Just the same, he had proved the point he had set out to prove, and right off. When he had been called up by the draft board for his two years’ service, his father had said that he hoped a little military discipline would do something toward maturing his son. He himself seemed willing to admit bungling
the job. Well, the way things turned out, Roy had matured, and plenty, too. But it wasn’t discipline that had done it; it was, to put it bluntly, being away from them. In high school he may have been willing to slide through with C’s and C-minuses, when with a little application of his intelligence (
Alice Bassart:
Which you have, Roy, in abundance), he could easily have had straight B’s—probably even A’s, if he had wanted them. But the point he wished to make was that he was no longer that C student, and no longer would be treated like him either. If he put his mind to a job he could do it, and do it well. The only problem now was which job it was going to be. At the age of twenty, nobody had to tell him that it was high time to begin thinking about becoming a man. Because he was thinking about it, and plenty, don’t worry.

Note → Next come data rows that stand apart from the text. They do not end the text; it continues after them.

(* In the setting of the context, for every integer $k\ge 1$ there is a constant $C_k$ (depending on $k$ and $p$, not on $N$) such that for all $N\ge 1$, \[ M_{2k}(N)\;\le\;(2k-1)!!+\frac{C_k}{N}, \] where $(2k-1)!!=(2k-1)(2k-3)\cdots 3\cdot 1$ is the $2k$-th moment of the standard Gaussian.
   Context: Let $p$ be a probability density on $\mathbb{R}$ with mean $0$, variance $1$ and finite moments of all orders. For $N\ge 1$, let $b_1,\dots,b_{N-1}$ be independent random variables with density $p$, set $b_0=0$, and let $A=A_N$ be the $N\times N$ real symmetric Toeplitz matrix with entries $a_{ij}=b_{|i-j|}$ ($1\le i,j\le N$). Let $\lambda_1(A),\dots,\lambda_N(A)$ be its eigenvalues. For an integer $k\ge 0$ define $M_k(A,N)=N^{-(k/2+1)}\sum_{i=1}^N\lambda_i(A)^k = N^{-(k/2+1)}\,\mathrm{Trace}(A^k)$, and $M_k(N)=\mathbb{E}[M_k(A,N)]$, the expectation over the random entries. *)

theory Defs
  imports "HOL-Probability.Probability" "Jordan_Normal_Form.Matrix"
begin

definition good_density :: "(real \<Rightarrow> real) \<Rightarrow> bool" where
  "good_density p \<longleftrightarrow>
     p \<in> borel_measurable borel \<and> (\<forall>x. 0 \<le> p x) \<and>
     integrable lborel p \<and> (LINT x|lborel. p x) = 1 \<and>
     (\<forall>m::nat. integrable lborel (\<lambda>x. \<bar>x\<bar> ^ m * p x)) \<and>
     (LINT x|lborel. x * p x) = 0 \<and>
     (LINT x|lborel. x\<^sup>2 * p x) = 1"

definition toeplitz_space :: "(real \<Rightarrow> real) \<Rightarrow> nat \<Rightarrow> (nat \<Rightarrow> real) measure" where
  "toeplitz_space p N = PiM {1..<N} (\<lambda>_. density lborel (\<lambda>x. ennreal (p x)))"

text \<open>The N x N symmetric Toeplitz matrix a_ij = b_{|i-j|} with b_0 = 0
  (0-based indices, which does not change |i-j|).\<close>
definition toeplitz_mat :: "nat \<Rightarrow> (nat \<Rightarrow> real) \<Rightarrow> real mat" where
  "toeplitz_mat N b = mat N N (\<lambda>(i, j).
      let d = nat \<bar>int i - int j\<bar> in if d = 0 then 0 else b d)"

definition mat_trace :: "real mat \<Rightarrow> real" where
  "mat_trace A = (\<Sum>i<dim_row A. A $$ (i, i))"

definition Mk_AN :: "nat \<Rightarrow> nat \<Rightarrow> (nat \<Rightarrow> real) \<Rightarrow> real" where
  "Mk_AN k N b = real N powr (-(real k / 2 + 1)) * mat_trace (toeplitz_mat N b ^\<^sub>m k)"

He continued to work on his own out of the art manual, in exasperation moving on to the neck and the shoulders, after four days of going from bad to worse with the mouth. Though he by no means relinquished his first choice of being a professional artist, he was willing to meet his family halfway and at least listen to whatever suggestions they might have. He had to admit being tempted by Uncle Julian’s suggestion that he come to work for him and learn the laundromat business from the ground up. What was particularly appealing about the idea was that the people in the towns along the river would see him driving around in Julian’s pickup truck and think of him as some punk kid; and the ladies who managed the laundromats would think of him as the boss’s nephew, and suppose his life was just a bed of roses—when in actuality his real work would only begin at night, after everyone was asleep, and behind his bedroom door he stayed awake till dawn, perfecting his talent.